I asked: ``How many had been lost?'' Two out of 3,000.
But I also found out that they have wait times sometimes up to 60
minutes just to get on a call. A crisis can't afford to wait 60
minutes, and that is why we developed this legislation to give the
lifeline the resources it needs and the quick answering times it has to
have to be successful.
We also built in oversight capability so it can be more effectively
reviewed and improved. It has to constantly evolve.
The work is certainly even more important now that we know about the
new 988 designation by the FCC. We have heard a lot about that this
afternoon because we know there is going to be a lot higher demand.
One of the things I have done the last couple of years at every event
is I say: Okay, everybody here raise their hand who knows the suicide
lifeline number.
No one raises their hand ever. But that will be different. In fact, I
am very confident that, within a few years, the 988 will go
international, and it will be the standard all over the world.

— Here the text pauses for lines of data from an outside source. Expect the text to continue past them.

lemma Pfun_eq_weighted_sin_square:
  fixes r m l :: nat and \<alpha> :: real
  defines "N \<equiv> (2::nat) ^ (m + l)"
  defines "\<phi> \<equiv> pi * \<alpha> / real N"
  assumes "\<alpha> / real N \<notin> \<int>"
  shows "Pfun r m l \<alpha> = (real (N mod r) * sin ((real (N div r) + 1) * \<phi>) ^ 2
      + (real r - real (N mod r)) * sin (real (N div r) * \<phi>) ^ 2) / (real N ^ 2 * sin \<phi> ^ 2)"
proof -
  have "sin \<phi> \<noteq> 0"
    using not_Ints_reflection_conditions(1)[OF assms(3)] by (simp add: \<phi>_def)
  moreover have "1 - cos (2 * pi * \<alpha> * real (N div r + 1) / real N) = 2 * sin ((real (N div r) + 1) * \<phi>) ^ 2"
    using cos_double_sin[of "(real (N div r) + 1) * \<phi>"] by (simp add: \<phi>_def field_simps)
  moreover have "1 - cos (2 * pi * \<alpha> * real (N div r) / real N) = 2 * sin (real (N div r) * \<phi>) ^ 2"
    using cos_double_sin[of "real (N div r) * \<phi>"] by (simp add: \<phi>_def field_simps)
  moreover have "1 - cos (2 * pi * \<alpha> / real N) = 2 * sin \<phi> ^ 2"
    using cos_double_sin[of \<phi>] by (simp add: \<phi>_def field_simps)
  ultimately show ?thesis
    unfolding Pfun_def Let_def N_def[symmetric] using assms(3)
    by (simp only: if_False) (simp add: add_divide_distrib)
qed
lemma frequently_near_tracked_if_tracking:
  assumes u_near: "\<forall>e>0. \<exists>\<^sub>F t in sequentially. \<forall>f\<in>F. \<bar>u f t - c f\<bar> < e" and "0 < e"
  shows "\<exists>\<^sub>F n in sequentially. \<forall>f\<in>F. \<bar>v f n - c f\<bar> < e"
proof -
  obtain N where N: "\<And>n t f. N \<le> n \<Longrightarrow> t \<in> {a n..a (Suc n)} \<Longrightarrow> f \<in> F \<Longrightarrow> \<bar>u f t - v f n\<bar> < e / 2"
    using track[OF half_gt_zero[OF \<open>0 < e\<close>]] unfolding eventually_sequentially by blast
  show "\<exists>\<^sub>F n in sequentially. \<forall>f\<in>F. \<bar>v f n - c f\<bar> < e"
    unfolding frequently_sequentially
  proof
    fix N'
    have "\<exists>t\<ge>a (max N N'). \<forall>f\<in>F. \<bar>u f t - c f\<bar> < e / 2"
      using u_near half_gt_zero[OF \<open>0 < e\<close>] unfolding frequently_sequentially by blast
    then obtain t where "a (max N N') \<le> t" and t: "\<forall>f\<in>F. \<bar>u f t - c f\<bar> < e / 2"
      by blast
    obtain n where "max N N' \<le> n" and "a n \<le> t" and "t \<le> a (Suc n)"
      using strict_mono_interval_cover[OF a \<open>a (max N N') \<le> t\<close>] .
    have "\<bar>v f n - c f\<bar> < e" if "f \<in> F" for f
    proof -
      have "\<bar>u f t - v f n\<bar> < e / 2"
        using N that \<open>max N N' \<le> n\<close> \<open>a n \<le> t\<close> \<open>t \<le> a (Suc n)\<close> by simp
      with bspec[OF t that] show ?thesis
        by linarith
    qed
    with \<open>max N N' \<le> n\<close> show "\<exists>n\<ge>N'. \<forall>f\<in>F. \<bar>v f n - c f\<bar> < e"
      by auto
  qed
qed
section \<open>The k-max game as a sum of threshold games\<close>

lemma sum_eq_sum_layers:
  fixes f :: "'a \<Rightarrow> nat"
  assumes "finite S" and "\<And>j. j \<in> S \<Longrightarrow> f j \<le> W"
  shows "(\<Sum>j\<in>S. f j) = (\<Sum>t\<in>{1..W}. card {j\<in>S. t \<le> f j})"
proof -
  have "(\<Sum>j\<in>S. f j) = (\<Sum>j\<in>S. \<Sum>t\<in>{1..W}. if t \<le> f j then 1 else 0)"
  proof (intro sum.cong refl)
    fix j assume "j \<in> S"
    then have "{t\<in>{1..W}. t \<le> f j} = {1..f j}"
      using assms(2)[of j] by auto
    then show "f j = (\<Sum>t\<in>{1..W}. if t \<le> f j then 1 else 0)"
      by (simp add: sum.If_cases Int_def)
  qed
  also have "\<dots> = (\<Sum>t\<in>{1..W}. \<Sum>j\<in>S. if t \<le> f j then 1 else 0)"
    by (rule sum.swap)
  also have "\<dots> = (\<Sum>t\<in>{1..W}. card {j\<in>S. t \<le> f j})"
    using assms(1) by (simp add: sum.If_cases Int_def)
  finally show ?thesis .
qed

lemma exists_top_subset:
  fixes f :: "'a \<Rightarrow> 'b :: linorder"
  assumes "finite S" and "m \<le> card S"
  shows "\<exists>T\<subseteq>S. card T = m \<and> (\<forall>x\<in>T. \<forall>y\<in>S - T. f y \<le> f x)"
  using assms(2)
proof (induction m)
  case 0
  show ?case by (intro exI[of _ "{}"]) simp
next
  case (Suc m)
  then obtain T where T: "T \<subseteq> S" "card T = m" "\<forall>x\<in>T. \<forall>y\<in>S - T. f y \<le> f x"
    by auto
  have "S - T \<noteq> {}"
  proof
    assume "S - T = {}"
    then have "S = T" using T(1) by blast
    then show False using Suc.prems T(2) by simp
  qed
  moreover have "finite (S - T)" using assms(1) by simp
  ultimately have "Max (f ` (S - T)) \<in> f ` (S - T)"
    by (intro Max_in) auto
  then obtain z where z: "z \<in> S - T" "f z = Max (f ` (S - T))"
    by (auto simp: image_iff)
  then have "\<forall>y\<in>S - T. f y \<le> f z"
    using \<open>finite (S - T)\<close> by simp
  have "finite T"
    using assms(1) T(1) by (rule rev_finite_subset)
  then show ?case
    using T z \<open>\<forall>y\<in>S - T. f y \<le> f z\<close> by (intro exI[of _ "insert z T"]) auto
qed
lemma orth_groupD:
  assumes "Q \<in> orth_group d"
  shows "Q \<in> carrier_mat d d" "Q\<^sup>T * Q = 1\<^sub>m d" "Q * Q\<^sup>T = 1\<^sub>m d"
proof -
  show Q: "Q \<in> carrier_mat d d" and "Q\<^sup>T * Q = 1\<^sub>m d"
    using assms unfolding orth_group_def by auto
  then show "Q * Q\<^sup>T = 1\<^sub>m d"
    using mat_mult_left_right_inverse[of "Q\<^sup>T" d Q] by simp
qed

lemma orth_group_one: "1\<^sub>m d \<in> orth_group d"
  by (intro orth_groupI) auto

lemma orth_group_transpose: "Q \<in> orth_group d \<Longrightarrow> Q\<^sup>T \<in> orth_group d"
  using orth_groupD[of Q d] by (intro orth_groupI) auto

lemma orth_group_mult:
  assumes P: "P \<in> orth_group d" and Q: "Q \<in> orth_group d"
  shows "P * Q \<in> orth_group d"
proof (rule orth_groupI)
  note p = orth_groupD[OF P] and q = orth_groupD[OF Q]
  show "P * Q \<in> carrier_mat d d"
    using p q by auto
  have "P\<^sup>T * (P * Q) = Q"
    using assoc_mult_mat[of "P\<^sup>T" d d P d Q d] p q by simp
  then show "(P * Q)\<^sup>T * (P * Q) = 1\<^sub>m d"
    using p q assoc_mult_mat[of "Q\<^sup>T" d d "P\<^sup>T" d "P * Q" d]
    by (simp add: transpose_mult[of P d d Q d])
qed

lemma scalar_prod_orth_group:
  assumes Q: "Q \<in> orth_group d" and x: "x \<in> carrier_vec d" and y: "y \<in> carrier_vec d"
  shows "(Q *\<^sub>v x) \<bullet> (Q *\<^sub>v y) = x \<bullet> y"
proof -
  note q = orth_groupD[OF Q]
  have "(Q *\<^sub>v x) \<bullet> (Q *\<^sub>v y) = (Q\<^sup>T *\<^sub>v (Q *\<^sub>v x)) \<bullet> y"
    using q x y by (simp add: transpose_vec_mult_scalar[of Q d d y])
  also have "Q\<^sup>T *\<^sub>v (Q *\<^sub>v x) = x"
    using q x by (simp flip: assoc_mult_mat_vec[of _ d d _ d])
  finally show ?thesis .
qed
lemma msubst_cofactor_subst_low:
  assumes "l + m \<le> n" "L \<in> low_labels n l"
  shows "msubst (cofactor_subst n l m) (gen_poly n L) = (gen_poly n L :: (wvar, 'k::comm_ring_1) mpoly)"
proof -
  obtain S where S: "L = Low S" "card S \<le> l" using assms by (auto simp: low_labels_def)
  show ?thesis unfolding S(1) gen_poly_def mlab.case
  proof (rule msubst_eq_self)
    fix v assume "v \<in> mvars (lower_minor n S :: (wvar, 'k) mpoly)"
    then obtain r c where "v = Xc r c" "n - card S \<le> r"
      using mvars_lower_minor[of S n] S(2) assms(1) by auto
    then show "cofactor_subst n l m v = mvar v" using S(2) by (simp add: cofactor_subst_def)
  qed
qed

lemma msubst_cofactor_subst_lft:
  assumes "L \<in> lft_labels n m"
  shows "msubst (cofactor_subst n l m) (gen_poly n L) = (gen_poly n L :: (wvar, 'k::comm_ring_1) mpoly)"
proof -
  obtain S where S: "L = Lft S" "card S \<le> m" using assms by (auto simp: lft_labels_def)
  show ?thesis unfolding S(1) gen_poly_def mlab.case
  proof (rule msubst_eq_self)
    fix v assume "v \<in> mvars (left_minor S :: (wvar, 'k) mpoly)"
    then obtain r c where "v = Yc r c" "c < card S" using mvars_left_minor by blast
    then show "cofactor_subst n l m v = mvar v" using S(2) by (simp add: cofactor_subst_def)
  qed
qed

lemma lower_minor_atLeastLessThan_ne_0:
  assumes "l \<le> n"
  shows "lower_minor n {0..<l} \<noteq> (0 :: (wvar, 'k::comm_ring_1) mpoly)"
proof
  assume "lower_minor n {0..<l} = (0 :: (wvar, 'k) mpoly)"
  then have "(1 :: (wvar, 'k) mpoly) = 0"
    using msubst_unit_point_lower_minor[OF assms] by (metis msubst_0)
  then show False by simp
qed
(* Let $\tau\in[0,1)$. In a finite-horizon MDP with wealth levels as described in the context, the optimal upper $\tau$-quantile $\overline{q}^*=\max_\pi \overline{q}^\pi_\tau$ (maximum over all policies at horizon $T$, with respect to $\prec_{\mathcal W}$) satisfies $$\overline{q}^* = \max\{w\in\mathcal W_T : G^*(w)\ge 1-\tau\},\qquad\text{where } G^*(w)=\max_\pi G^\pi(w)\ \text{ for all } w,$$ the maximum over $w$ being with respect to $\preceq_{\mathcal W}$ and the maximum over $\pi$ being over all policies at horizon $T$.
   Context: An MDP is a tuple $(\mathcal S,\mathcal A,\mathcal P,r,s_0)$ with finite state set $\mathcal S$, finite action set $\mathcal A$, transition probabilities $\mathcal P(s,a,s')$, reward function $r:\mathcal S\times\mathcal A\to\mathcal R$ (values in some set $\mathcal R$), initial state $s_0$, and finite horizon $T$. A $t$-history is $h_t=(s_0,a_0,s_1,\dots,a_{t-1},s_t)$; a policy is a sequence of $T$ decision rules (possibly history-dependent and randomized) selecting actions. The wealth of a history is defined by $w(h_0)=w_0$ and $w(h_t)=w(h_{t-1})\circ r(s_{t-1},a_{t-1})$, where $\circ:\mathcal W\times\mathcal R\to\mathcal W$ is a binary operation on a wealth space $\mathcal W$ with left identity $w_0$. Let $\mathcal W_T$ be the set of wealth levels of $T$-histories; it is totally ordered by $\preceq_{\mathcal W}$ (strict part $\prec_{\mathcal W}$), has a least element $w_{\min}$ and a greatest element $w_{\max}$, and carries a distance $d$ consistent with the order. For a policy $\pi$, $p^\pi(w)$ is the probability that the $T$-history generated by $\pi$ from $s_0$ has wealth $w\in\mathcal W_T$; $G^\pi(w)=\sum_{w\preceq_{\mathcal W} w'}p^\pi(w')$. The upper $\tau$-quantile of $\pi$ is $\overline{q}^\pi_\tau=\max\{w\in\mathcal W_T: G^\pi(w)\ge 1-\tau\}$ (maximum w.r.t. $\prec_{\mathcal W}$). *)

theory Defs
  imports Complex_Main
begin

It is especially important now during the pandemic. I just looked it
up while we were waiting that a survey this July--2 months ago--found
that 36 percent of young people 18 to 29 years old are experiencing
clinical depression.
Madam Speaker, 48,000 Americans died by their own hand in 2018. We
can't save every life, but the Suicide Prevention Lifeline is
remarkably successful in helping people through that singular moment of
despair in their lives.
Madam Speaker, I want to thank my colleagues again. It has been
bipartisan, and it has been very important. Good friends like Mr.
Gianforte, Mr. Katko, Frank Pallone, and Anna Eshoo helped us through,
and my dear friend Debbie Dingell led here today. I thank them for
prioritizing these mental health supports when we need it most.
Mr. GIANFORTE. Madam Speaker, in closing, this is a critical issue in
Montana. We have one of the highest suicide rates in the country, and
making these services available is critical.
Madam Speaker, I urge my colleagues to support the bill, and I yield
back the balance of my time.
Mrs. DINGELL. Madam Speaker, during these unprecedented times, we
need to ensure that we are putting the resources into those that need
them.
Madam Speaker, I urge my colleagues to support this legislation, and
I yield back the balance of my time.
The SPEAKER pro tempore. The question is on the motion offered by the
gentlewoman from Michigan (Mrs. Dingell) that the House suspend the
rules and pass the bill, H.R. 4564, as amended.
The question was taken; and (two-thirds being in the affirmative) the
rules were suspended and the bill, as amended, was passed.
A motion to reconsider was laid on the table.